Apoptosis in Vascular Smooth Muscle Cells is induced by Protein Kinase C Delta Cleavage but not Phosphorylation

Oxidative stress and apoptosis are considered critical to many vascular diseases. We have previously shown that protein kinase C delta (PKCδ) plays a critical role in early stage apoptosis. In this study, we examined various activation of PKCδ and its relationship with apoptosis and necrosis in vascular smooth muscle cells (SMCs). ELISA for DNA fragmentation first showed that in rat A10 SMC line, 100–400 μM hydrogen peroxide (H 2 O 2 ) results in a 1.21–1.59 fold increase in apoptosis, but a decrease after 800 μM. This was confirmed by flow cytometry where we found increasing apoptosis at low doses of H 2 O 2 and increasing necrosis at higher doses.

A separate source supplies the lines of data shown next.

(* A threshold function $f$ is linear read-once if and only if no restriction of $f$ equals, up to renaming of variables, a function in $\mathcal{G}$, where $\mathcal{G}$ is the set of all functions obtained from $g_n(x_1,\ldots,x_n)=x_1x_2\vee x_1x_3\vee\cdots\vee x_1x_n\vee x_2x_3\cdots x_n$, $n\ge3$, by negating some (possibly none) of the variables.
   Context: $f$ on $\{0,1\}^n$ is a threshold function if there are $w_1,\ldots,w_n,t\in\mathbb{R}$ with $f(\mathbf{x})=0\iff\sum_iw_ix_i\le t$. A restriction of $f$ is obtained by fixing some variables to constants. Linear read-once (lro): constant or representable by a nested formula (literals $x,\overline{x}$ are nested; $x\vee t$, $x\wedge t$, $\overline{x}\vee t$, $\overline{x}\wedge t$ are nested when $t$ is nested and contains neither $x$ nor $\overline{x}$). *)

theory Defs
  imports Main HOL.Real
begin

text \<open>A Boolean function of n variables is represented as f :: (nat => bool) => bool
  that depends only on the coordinates i < n (True = 1, False = 0).\<close>

definition boolfun :: "nat \<Rightarrow> ((nat \<Rightarrow> bool) \<Rightarrow> bool) \<Rightarrow> bool" where
  "boolfun n f \<longleftrightarrow> (\<forall>x y. (\<forall>i<n. x i = y i) \<longrightarrow> f x = f y)"

definition threshold :: "nat \<Rightarrow> ((nat \<Rightarrow> bool) \<Rightarrow> bool) \<Rightarrow> bool" where
  "threshold n f \<longleftrightarrow> (\<exists>(w::nat \<Rightarrow> real) (t::real).
      \<forall>x. (\<not> f x) \<longleftrightarrow> (\<Sum>i<n. w i * (if x i then 1 else 0)) \<le> t)"

datatype nform = Lit nat bool | Disj nat bool nform | Conj nat bool nform

fun lit_val :: "nat \<Rightarrow> bool \<Rightarrow> (nat \<Rightarrow> bool) \<Rightarrow> bool" where
  "lit_val i b x = (if b then x i else \<not> x i)"

fun nf_eval :: "nform \<Rightarrow> (nat \<Rightarrow> bool) \<Rightarrow> bool" where
  "nf_eval (Lit i b) x = lit_val i b x"
| "nf_eval (Disj i b t) x = (lit_val i b x \<or> nf_eval t x)"
| "nf_eval (Conj i b t) x = (lit_val i b x \<and> nf_eval t x)"

fun nf_vars :: "nform \<Rightarrow> nat set" where
  "nf_vars (Lit i b) = {i}"
| "nf_vars (Disj i b t) = insert i (nf_vars t)"
| "nf_vars (Conj i b t) = insert i (nf_vars t)"

fun nested :: "nform \<Rightarrow> bool" where
  "nested (Lit i b) = True"
| "nested (Disj i b t) = (nested t \<and> i \<notin> nf_vars t)"
| "nested (Conj i b t) = (nested t \<and> i \<notin> nf_vars t)"

definition lro :: "nat \<Rightarrow> ((nat \<Rightarrow> bool) \<Rightarrow> bool) \<Rightarrow> bool" where
  "lro n f \<longleftrightarrow> (\<forall>x y. f x = f y) \<or>
     (\<exists>\<phi>. nested \<phi> \<and> nf_vars \<phi> \<subseteq> {..<n} \<and> (\<forall>x. f x = nf_eval \<phi> x))"

text \<open>g_m(y_0,...,y_{m-1}) = y_0 y_1 \<or> ... \<or> y_0 y_{m-1} \<or> y_1 y_2 ... y_{m-1}
  (0-indexed version of g_m(x_1,...,x_m)), and its variant with the variables in N negated.\<close>

definition gfun :: "nat \<Rightarrow> (nat \<Rightarrow> bool) \<Rightarrow> bool" where
  "gfun m y \<longleftrightarrow> (\<exists>j\<in>{1..<m}. y 0 \<and> y j) \<or> (\<forall>j\<in>{1..<m}. y j)"

definition gneg :: "nat \<Rightarrow> nat set \<Rightarrow> (nat \<Rightarrow> bool) \<Rightarrow> bool" where
  "gneg m N y = gfun m (\<lambda>i. if i \<in> N then \<not> y i else y i)"

definition has_G_restriction :: "nat \<Rightarrow> ((nat \<Rightarrow> bool) \<Rightarrow> bool) \<Rightarrow> bool" where
  "has_G_restriction n f \<longleftrightarrow>
     (\<exists>S c m \<sigma> N. S \<subseteq> {..<n} \<and> 3 \<le> m \<and> N \<subseteq> {..<m} \<and>
        bij_betw \<sigma> ({..<n} - S) {..<m} \<and>
        (\<forall>y. f (\<lambda>i. if i \<in> S then c i else y (\<sigma> i)) = gneg m N y))"

end

theory Submission
  imports Defs
begin

text \<open>A nested formula has a canalizing variable, one whose fixing to a suitable value makes
  the function constant, and so does every restriction of it; no function of \<open>\<G>\<close> has one.
  Conversely, induct on the number of variables. Either some one-variable restriction of \<open>f\<close> is
  not linear read-once, and a \<open>\<G>\<close>-restriction of it is one of \<open>f\<close>; or all of them are. Then
  none of them is constant (otherwise \<open>f\<close> itself would be nested), so each is canalizing, and
  for a threshold function with nonnegative weights this forces exactly the weight pattern
  of \<open>g\<^sub>m\<close>, the heaviest variable playing the role of \<open>x\<^sub>1\<close>.\<close>

definition threshold_on :: "nat set \<Rightarrow> ((nat \<Rightarrow> bool) \<Rightarrow> bool) \<Rightarrow> bool" where
  "threshold_on F h \<longleftrightarrow> (\<exists>(w::nat \<Rightarrow> real) (t::real).
      \<forall>x. (\<not> h x) \<longleftrightarrow> (\<Sum>i\<in>F. w i * (if x i then 1 else 0)) \<le> t)"

definition lro_on :: "nat set \<Rightarrow> ((nat \<Rightarrow> bool) \<Rightarrow> bool) \<Rightarrow> bool" where
  "lro_on F h \<longleftrightarrow> (\<forall>x y. h x = h y) \<or>
     (\<exists>\<phi>. nested \<phi> \<and> nf_vars \<phi> \<subseteq> F \<and> (\<forall>x. h x = nf_eval \<phi> x))"

definition has_G_restriction_on :: "nat set \<Rightarrow> ((nat \<Rightarrow> bool) \<Rightarrow> bool) \<Rightarrow> bool" where
  "has_G_restriction_on F h \<longleftrightarrow>
     (\<exists>S c m \<sigma> N. S \<subseteq> F \<and> 3 \<le> m \<and> N \<subseteq> {..<m} \<and>
        bij_betw \<sigma> (F - S) {..<m} \<and>
        (\<forall>y. h (\<lambda>i. if i \<in> S then c i else y (\<sigma> i)) = gneg m N y))"
(* Assume (A1) and (A3). Let $x\in\mathcal{C}$ with $\beta>\max\{\beta_1(x),\beta_2(x),\beta_3(x)\}$, and assume $\|\nabla g(x)\|\le\varepsilon_1$ for some $\varepsilon_1\le R/2$. Then for any $d\in\mathcal{E}$ with $\|d\|=1$, the point $x+td$ lies in $\mathcal{C}$ for all $t\in[0,t_2(x)]$, where $$t_2(x)=\frac{-\sigma_1(\mathrm{D}h(x))+\sqrt{\sigma_1(\mathrm{D}h(x))^2+2C_hR}}{2C_h}.$$
   Context: Let $\mathcal{E}$ be a Euclidean space with inner product $\langle\cdot,\cdot\rangle$ and norm $\|\cdot\|$ (2-norm on $\mathbb{R}^m$), and $f\colon\mathcal{E}\to\mathbb{R}$, $h\colon\mathcal{E}\to\mathbb{R}^m$ be $C^\infty$. $\mathrm{D}h(x)$ is the differential, $\mathrm{D}h(x)^*$ its adjoint, $\sigma_1$ and $\sigma_{\min}=\sigma_m$ the largest and $m$-th singular values. $\mathcal{D}=\{x:\operatorname{rank}\mathrm{D}h(x)=m\}$; for $x\in\mathcal{D}$, $\lambda(x)=(\mathrm{D}h(x)^* )^\dagger[\nabla f(x)]$ (Moore–Penrose). For $\beta\ge0$, $g(x)=f(x)-\langle h(x),\lambda(x)\rangle+\beta\|h(x)\|^2$. (A1): there are $R,\underline{\sigma}>0$ with $\sigma_{\min}(\mathrm{D}h(x))\ge\underline{\sigma}$ for all $x\in\mathcal{C}=\{x:\|h(x)\|\le R\}$. (A3): there is $C_h>0$ with $h(x+v)=h(x)+\mathrm{D}h(x)[v]+E(x,v)$, $\|E(x,v)\|\le C_h\|v\|^2$ for all $x\in\mathcal{C}$, $v\in\mathcal{E}$. For $x\in\mathcal{C}$: $C_\lambda(x)=\|\mathrm{D}\lambda(x)\|_{\mathrm{op}}$, $\beta_1(x)=\sigma_1(\mathrm{D}h(x))C_\lambda(x)/(2\sigma_{\min}(\mathrm{D}h(x))^2)$, $\beta_2(x)=C_\lambda(x)/\sigma_{\min}(\mathrm{D}h(x))$, $\beta_3(x)=1/\sigma_{\min}(\mathrm{D}h(x))$. *)

theory Defs
  imports "HOL-Analysis.Analysis"
begin

primrec iter_dd :: "'a::real_normed_vector list \<Rightarrow> ('a \<Rightarrow> 'b::real_normed_vector) \<Rightarrow> 'a \<Rightarrow> 'b" where
  "iter_dd [] f = f"
| "iter_dd (v # vs) f = (\<lambda>x. frechet_derivative (iter_dd vs f) (at x) v)"

definition smooth :: "('a::real_normed_vector \<Rightarrow> 'b::real_normed_vector) \<Rightarrow> bool" where
  "smooth f \<longleftrightarrow> (\<forall>vs x. iter_dd vs f differentiable (at x))"

definition grad :: "('a::real_inner \<Rightarrow> real) \<Rightarrow> 'a \<Rightarrow> 'a" where
  "grad f x = (SOME D. GDERIV f x :> D)"

definition Dh :: "('a::real_normed_vector \<Rightarrow> 'b::real_normed_vector) \<Rightarrow> 'a \<Rightarrow> 'a \<Rightarrow> 'b" where
  "Dh h x = frechet_derivative h (at x)"

definition moore_penrose :: "('b::real_inner \<Rightarrow> 'a::real_inner) \<Rightarrow> 'a \<Rightarrow> 'b" where
  "moore_penrose B = (THE P. linear P \<and> (\<forall>u. B (P (B u)) = B u) \<and> (\<forall>w. P (B (P w)) = P w)
      \<and> (\<forall>w z. B (P w) \<bullet> z = w \<bullet> B (P z)) \<and> (\<forall>u v. P (B u) \<bullet> v = u \<bullet> P (B v)))"

text \<open>k-th singular value of a linear map A (Courant-Fischer max-min characterisation);
  set to 0 when k = 0 or k exceeds the dimension of the domain.\<close>
definition sing_val :: "nat \<Rightarrow> ('a::euclidean_space \<Rightarrow> 'b::real_normed_vector) \<Rightarrow> real" where
  "sing_val k A = (if 0 < k \<and> k \<le> DIM('a) then
      Sup {Inf {norm (A v) | v. v \<in> V \<and> norm v = 1} | V. subspace V \<and> dim V = k}
    else 0)"

definition sigma1 :: "('a::euclidean_space \<Rightarrow> 'b::real_normed_vector) \<Rightarrow> real" where
  "sigma1 A = sing_val 1 A"

definition sigma_min :: "('a::euclidean_space \<Rightarrow> real^'m::finite) \<Rightarrow> real" where
  "sigma_min A = sing_val CARD('m) A"

definition lam :: "('a::euclidean_space \<Rightarrow> real) \<Rightarrow> ('a \<Rightarrow> real^'m::finite) \<Rightarrow> 'a \<Rightarrow> real^'m" where
  "lam f h x = moore_penrose (adjoint (Dh h x)) (grad f x)"

definition gfun :: "('a::euclidean_space \<Rightarrow> real) \<Rightarrow> ('a \<Rightarrow> real^'m::finite) \<Rightarrow> real \<Rightarrow> 'a \<Rightarrow> real" where
  "gfun f h \<beta> x = f x - h x \<bullet> lam f h x + \<beta> * (norm (h x))\<^sup>2"

definition C_lam :: "('a::euclidean_space \<Rightarrow> real) \<Rightarrow> ('a \<Rightarrow> real^'m::finite) \<Rightarrow> 'a \<Rightarrow> real" where
  "C_lam f h x = onorm (frechet_derivative (lam f h) (at x))"

definition beta1 :: "('a::euclidean_space \<Rightarrow> real) \<Rightarrow> ('a \<Rightarrow> real^'m::finite) \<Rightarrow> 'a \<Rightarrow> real" where
  "beta1 f h x = sigma1 (Dh h x) * C_lam f h x / (2 * (sigma_min (Dh h x))\<^sup>2)"

definition beta2 :: "('a::euclidean_space \<Rightarrow> real) \<Rightarrow> ('a \<Rightarrow> real^'m::finite) \<Rightarrow> 'a \<Rightarrow> real" where
  "beta2 f h x = C_lam f h x / sigma_min (Dh h x)"

definition beta3 :: "('a::euclidean_space \<Rightarrow> real^'m::finite) \<Rightarrow> 'a \<Rightarrow> real" where
  "beta3 h x = 1 / sigma_min (Dh h x)"

end

theory Submission
  imports Defs
begin

text \<open>Testing \<open>\<nabla>g(x)\<close> against \<open>v = Dh(x)\<^sup>* h(x)\<close>, the \<open>\<nabla>f\<close>-terms cancel because \<open>\<lambda>(x)\<close> solves the
  normal equations \<open>Dh Dh\<^sup>* \<lambda> = Dh \<nabla>f\<close>, so \<open>\<langle>\<nabla>g(x), v\<rangle> = 2\<beta>\<parallel>v\<parallel>\<^sup>2 - \<langle>h(x), D\<lambda>(x) v\<rangle>\<close>. With
  \<open>\<parallel>v\<parallel> \<ge> \<sigma>\<^sub>m\<^sub>i\<^sub>n \<parallel>h(x)\<parallel>\<close> and \<open>\<beta> > \<beta>\<^sub>2, \<beta>\<^sub>3\<close> this gives \<open>\<parallel>h(x)\<parallel> \<le> \<parallel>\<nabla>g(x)\<parallel> \<le> R/2\<close>.
  Along a unit direction, (A3) gives \<open>\<parallel>h(x + t d)\<parallel> \<le> \<parallel>h(x)\<parallel> + \<sigma>\<^sub>1 t + C\<^sub>h t\<^sup>2\<close>, and \<open>t \<le> t\<^sub>2(x)\<close>
  says exactly that \<open>C\<^sub>h t\<^sup>2 + \<sigma>\<^sub>1 t \<le> R/2\<close>. Differentiability of \<open>\<lambda>\<close>, needed to compute \<open>\<nabla>g\<close>,
  follows from Cramer's rule applied to the normal equations.\<close>

lemma smooth_has_derivative:
  assumes "smooth f"
  shows "(f has_derivative frechet_derivative f (at x)) (at x)"
  using assms unfolding smooth_def by (metis frechet_derivative_works iter_dd.simps(1))

lemma smooth_directional_derivative_differentiable:
  assumes "smooth f"
  shows "(\<lambda>y. frechet_derivative f (at y) v) differentiable (at x)"
proof -
  have "iter_dd [v] f differentiable (at x)"
    using assms unfolding smooth_def by blast
  then show ?thesis
    by simp
qed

Western blot for PKCδ's constitutively active catalytic fragment revealed that it was significantly increased after treatment with 100–400 μM H 2 O 2. To test the impact of these results on apoptosis, we used a competitive inhibitor (z‐DIPD‐fmk) that mimics the caspase‐3 cleavage site on PKCδ thus inhibiting its cleavage, and found it to inhibit apoptosis. We also examined the role of PKCδ phosphorylation at Tyr‐311 and Tyr‐332. Western Blot showed increased phosphorylation only at high doses of H 2 O 2. Inhibition of phosphorylation by Src Family Kinase inhibitors PP2 (10 μM) and SU6656 (5μM) increased apoptosis by 1.72 and 2.5 fold. Our results suggest that the cleavage of PKCδ induces apoptosis but its phosphorylation is anti‐apoptotic and may be driving SMCs toward necrosis.